When approaching a problem like the one about the uniform rod, picturing the actual motion and converting that into expressions for kinetic energy involving velocities and their time derivatives is an essential skill. Remember that kinetic energy is always associated with movement—if an object is stationary, its kinetic energy is zero.

Potential Energy

Potential energy is the energy stored in an object due to its position in a force field, such as the gravitational field of the Earth. It has the potential to be converted into kinetic energy when the object starts moving. For a mass 'm' at a height 'z' in a gravitational field, the potential energy 'V' is given by
\[ V = m g z \]
where 'g' represents the acceleration due to gravity. In the exercise scenario, the vertical position of the rod's center of mass contributes to the potential energy, which along with its kinetic energy drives the oscillations of the rod. Comprehending how potential energy changes as the rod moves is critical for grasping the overall energy dynamics of the system. Potential energy acts as a storage medium for the work done by or against external forces and is a key part of the Lagrangian, which is the kinetic energy minus the potential energy.
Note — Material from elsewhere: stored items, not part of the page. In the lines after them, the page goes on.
(* (1) Let $W_1=W(\gamma_1^{-1})$. Then $W_1\neq\emptyset$ if and only if $\delta_1=0$ and $f_1\le0$, in which case $\widehat W=W_1=\{(\hat y_1,z_1,\hat z_{(1)}^\top)^\top:z_1^2=-f_1/\gamma_1\}$. (2) Suppose $\gamma_q<0$ and let $W_q=W(\gamma_q^{-1})$. Then $W_q\neq\emptyset$ if and only if $\delta_q=0$ and $f_q\ge0$, in which case $\widehat W=W_q=\{(\hat y_q,\hat z_{(q)}^\top,z_q)^\top:z_q^2=f_q/(-\gamma_q)\}$. (Here the first coordinate $\hat y_1$, resp. $\hat y_q$, is absent when $m_0=0$.)
   Context: Regular dimension-reduced canonical form: $q\ge1$, $\gamma_1>\dots>\gamma_q$ nonzero reals with $\gamma_1>0$, $\Gamma^*=\operatorname{diag}(\gamma_1,\dots,\gamma_q)$, $\delta=(\delta_i)$ with $\delta_i\ge0$, $k^*\in\mathbb{R}$, $\varepsilon\ge0$; either ($m_0=0$) $\varepsilon=0$, $w=z\in\mathbb{R}^q$, $w_0=\delta$, $\Delta=\Gamma^*$, $d=0$; or ($m_0>0$) $\varepsilon>0$, $w=(y,z^\top)^\top\in\mathbb{R}^{q+1}$, $w_0=(0,\delta^\top)^\top$, $\Delta=\operatorname{diag}(0,\Gamma^* )$, $d=\varepsilon e_1$. Problem: minimise $\|w-w_0\|^2$ over $W=\{w:Q^*(w)=0\}\neq\emptyset$, $Q^*(w)=w^\top\Delta w+2d^\top w-k^*$; $\widehat W$ is the set of minimisers. $W(\lambda)$ is the set of $w\in W$ with $(I-\lambda\Delta)w=w_0+\lambda d$. Boundary quantities: $\hat y_1=\varepsilon\gamma_1^{-1}$, $\hat z_{(1)}\in\mathbb{R}^{q-1}$ with entries $(1-\gamma_i/\gamma_1)^{-1}\delta_i$, $i=2,\dots,q$, $f_1=\sum_{i=2}^q\gamma_i(\hat z_{(1)})_i^2+2\varepsilon\hat y_1-k^*$; when $\gamma_q<0$: $\hat y_q=\varepsilon\gamma_q^{-1}$, $\hat z_{(q)}\in\mathbb{R}^{q-1}$ with entries $(1-\gamma_i/\gamma_q)^{-1}\delta_i$, $i=1,\dots,q-1$, $f_q=\sum_{i=1}^{q-1}\gamma_i(\hat z_{(q)})_i^2+2\varepsilon\hat y_q-k^*$. *)

theory Defs
  imports Complex_Main
begin

text \<open>Coordinates 1..q are the z-coordinates; coordinate 0 is the y-coordinate, present
  only in the case m0 > 0, which is exactly the case epsilon > 0.  The ambient space
  is the set of vectors vanishing outside the index set (a copy of R^q resp. R^(q+1)).\<close>

definition idxset :: "real \<Rightarrow> nat \<Rightarrow> nat set" where
  "idxset \<epsilon> q = (if \<epsilon> > 0 then {0..q} else {1..q})"

definition wspace :: "real \<Rightarrow> nat \<Rightarrow> (nat \<Rightarrow> real) set" where
  "wspace \<epsilon> q = {w. \<forall>i. i \<notin> idxset \<epsilon> q \<longrightarrow> w i = 0}"

definition Dlt :: "(nat \<Rightarrow> real) \<Rightarrow> nat \<Rightarrow> real" where
  "Dlt \<gamma> i = (if i = 0 then 0 else \<gamma> i)"

definition dvec :: "real \<Rightarrow> nat \<Rightarrow> real" where
  "dvec \<epsilon> i = (if i = 0 then \<epsilon> else 0)"

definition w0vec :: "(nat \<Rightarrow> real) \<Rightarrow> nat \<Rightarrow> nat \<Rightarrow> real" where
  "w0vec \<delta> q i = (if 1 \<le> i \<and> i \<le> q then \<delta> i else 0)"

definition Qstar :: "(nat \<Rightarrow> real) \<Rightarrow> real \<Rightarrow> real \<Rightarrow> nat \<Rightarrow> (nat \<Rightarrow> real) \<Rightarrow> real" where
  "Qstar \<gamma> \<epsilon> k q w =
     (\<Sum>i\<in>idxset \<epsilon> q. Dlt \<gamma> i * (w i)\<^sup>2) + 2 * (\<Sum>i\<in>idxset \<epsilon> q. dvec \<epsilon> i * w i) - k"

definition Wset :: "(nat \<Rightarrow> real) \<Rightarrow> real \<Rightarrow> real \<Rightarrow> nat \<Rightarrow> (nat \<Rightarrow> real) set" where
  "Wset \<gamma> \<epsilon> k q = {w \<in> wspace \<epsilon> q. Qstar \<gamma> \<epsilon> k q w = 0}"

definition objf :: "(nat \<Rightarrow> real) \<Rightarrow> real \<Rightarrow> nat \<Rightarrow> (nat \<Rightarrow> real) \<Rightarrow> real" where
  "objf \<delta> \<epsilon> q w = (\<Sum>i\<in>idxset \<epsilon> q. (w i - w0vec \<delta> q i)\<^sup>2)"

definition What :: "(nat \<Rightarrow> real) \<Rightarrow> (nat \<Rightarrow> real) \<Rightarrow> real \<Rightarrow> real \<Rightarrow> nat \<Rightarrow> (nat \<Rightarrow> real) set" where
  "What \<gamma> \<delta> \<epsilon> k q =
     {w \<in> Wset \<gamma> \<epsilon> k q. \<forall>v \<in> Wset \<gamma> \<epsilon> k q. objf \<delta> \<epsilon> q w \<le> objf \<delta> \<epsilon> q v}"

definition Wlam :: "(nat \<Rightarrow> real) \<Rightarrow> (nat \<Rightarrow> real) \<Rightarrow> real \<Rightarrow> real \<Rightarrow> nat \<Rightarrow> real \<Rightarrow> (nat \<Rightarrow> real) set" where
  "Wlam \<gamma> \<delta> \<epsilon> k q lam =
     {w \<in> Wset \<gamma> \<epsilon> k q. \<forall>i\<in>idxset \<epsilon> q.
        (1 - lam * Dlt \<gamma> i) * w i = w0vec \<delta> q i + lam * dvec \<epsilon> i}"

definition yhat1 :: "(nat \<Rightarrow> real) \<Rightarrow> real \<Rightarrow> real" where
  "yhat1 \<gamma> \<epsilon> = \<epsilon> * inverse (\<gamma> 1)"

definition zhat1 :: "(nat \<Rightarrow> real) \<Rightarrow> (nat \<Rightarrow> real) \<Rightarrow> nat \<Rightarrow> real" where
  "zhat1 \<gamma> \<delta> i = inverse (1 - \<gamma> i / \<gamma> 1) * \<delta> i"

definition f1 :: "(nat \<Rightarrow> real) \<Rightarrow> (nat \<Rightarrow> real) \<Rightarrow> real \<Rightarrow> real \<Rightarrow> nat \<Rightarrow> real" where
  "f1 \<gamma> \<delta> \<epsilon> k q =
     (\<Sum>i=2..q. \<gamma> i * (zhat1 \<gamma> \<delta> i)\<^sup>2) + 2 * \<epsilon> * yhat1 \<gamma> \<epsilon> - k"

definition yhatq :: "(nat \<Rightarrow> real) \<Rightarrow> real \<Rightarrow> nat \<Rightarrow> real" where
  "yhatq \<gamma> \<epsilon> q = \<epsilon> * inverse (\<gamma> q)"

definition zhatq :: "(nat \<Rightarrow> real) \<Rightarrow> (nat \<Rightarrow> real) \<Rightarrow> nat \<Rightarrow> nat \<Rightarrow> real" where
  "zhatq \<gamma> \<delta> q i = inverse (1 - \<gamma> i / \<gamma> q) * \<delta> i"

definition fq :: "(nat \<Rightarrow> real) \<Rightarrow> (nat \<Rightarrow> real) \<Rightarrow> real \<Rightarrow> real \<Rightarrow> nat \<Rightarrow> real" where
  "fq \<gamma> \<delta> \<epsilon> k q =
     (\<Sum>i=1..q-1. \<gamma> i * (zhatq \<gamma> \<delta> q i)\<^sup>2) + 2 * \<epsilon> * yhatq \<gamma> \<epsilon> q - k"

end

theory Submission
  imports Defs
begin

text \<open>For \<open>u \<in> W\<close> and \<open>v \<in> W(\<lambda>)\<close> both points satisfy \<open>Q* = 0\<close> and \<open>v\<close> is a stationary point
  of the Lagrangian \<open>\<parallel>w - w\<^sub>0\<parallel>\<^sup>2 - \<lambda> Q*(w)\<close>, which is quadratic with diagonal Hessian
  \<open>I - \<lambda>\<Delta>\<close>; hence \<open>\<parallel>u - w\<^sub>0\<parallel>\<^sup>2 - \<parallel>v - w\<^sub>0\<parallel>\<^sup>2 = \<Sum>\<^sub>i (1 - \<lambda>\<Delta>\<^sub>i)(u\<^sub>i - v\<^sub>i)\<^sup>2\<close>.
  For \<open>\<lambda> = \<gamma>\<^sub>1\<^sup>-\<^sup>1\<close>, and for \<open>\<lambda> = \<gamma>\<^sub>q\<^sup>-\<^sup>1\<close> when \<open>\<gamma>\<^sub>q < 0\<close>, all weights \<open>1 - \<lambda>\<Delta>\<^sub>i\<close> are nonnegative,
  so \<open>W(\<lambda>)\<close>, if nonempty, is exactly the set of minimisers.  At \<open>\<lambda> = \<gamma>\<^sub>j\<^sup>-\<^sup>1\<close> the stationarity
  equations force \<open>\<delta>\<^sub>j = 0\<close> and fix every coordinate except \<open>z\<^sub>j\<close>, and the constraint becomes
  \<open>\<gamma>\<^sub>j z\<^sub>j\<^sup>2 + f\<^sub>j = 0\<close>.\<close>

lemma finite_idxset [simp]: "finite (idxset \<epsilon> q)"
  by (simp add: idxset_def)

lemma Qstar_explicit:
  assumes "\<epsilon> \<ge> 0"
  shows "Qstar \<gamma> \<epsilon> k q w = (\<Sum>i=1..q. \<gamma> i * (w i)\<^sup>2) + 2 * \<epsilon> * w 0 - k"
proof -
  have quad: "(\<Sum>i=1..q. Dlt \<gamma> i * (w i)\<^sup>2) = (\<Sum>i=1..q. \<gamma> i * (w i)\<^sup>2)"
    by (rule sum.cong) (auto simp: Dlt_def)
  have lin: "(\<Sum>i=1..q. dvec \<epsilon> i * w i) = 0"
    by (rule sum.neutral) (auto simp: dvec_def)
  have "{0..q} = insert 0 {1..q}"
    by auto
  then show ?thesis
    using assms quad lin by (cases "\<epsilon> > 0") (auto simp: Qstar_def idxset_def Dlt_def dvec_def)
qed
Grasping the concept of potential energy and its role in classical mechanics allows students to predict how a system might behave without the need to analyze all the forces in detail; instead, they need only consider energy differences, which can often be a simpler approach.

Oscillation Period

The oscillation period is the time it takes for a system to complete one full cycle of motion, returning to its initial state. It's a critical concept in the study of systems that exhibit repetitive movement, such as pendulums, springs, or, as in our exercise, a swinging rod. The period of oscillation can be influenced by various factors, including the system's energy and the forces acting upon it. In Lagrangian mechanics, we use the conservation of energy and angular momentum principles to derive an equation for the period by setting up and evaluating an integral equation.

For the rod problem, understanding how the rod's angle of oscillation affects the period is key. The given integral,
\[ T = \frac{a}{V} \int_{-\cos\alpha}^{\cos\alpha}\left[\frac{1+3u^2}{\cos^2\alpha-u^2}\right]^{1/2} \, \mathrm{d}u \]
relates the angle \( \alpha \) to its period, showing how the change in orientation influences the time taken for one full oscillation. Studying the period of oscillation gives insights into the stability and the resonant frequencies of systems—a cornerstone for designing anything from clocks to bridges and buildings. Remember that the period of oscillation is intrinsic to the system’s properties and governing forces, and does not depend on the amplitude of the oscillation provided the motion is simple harmonic.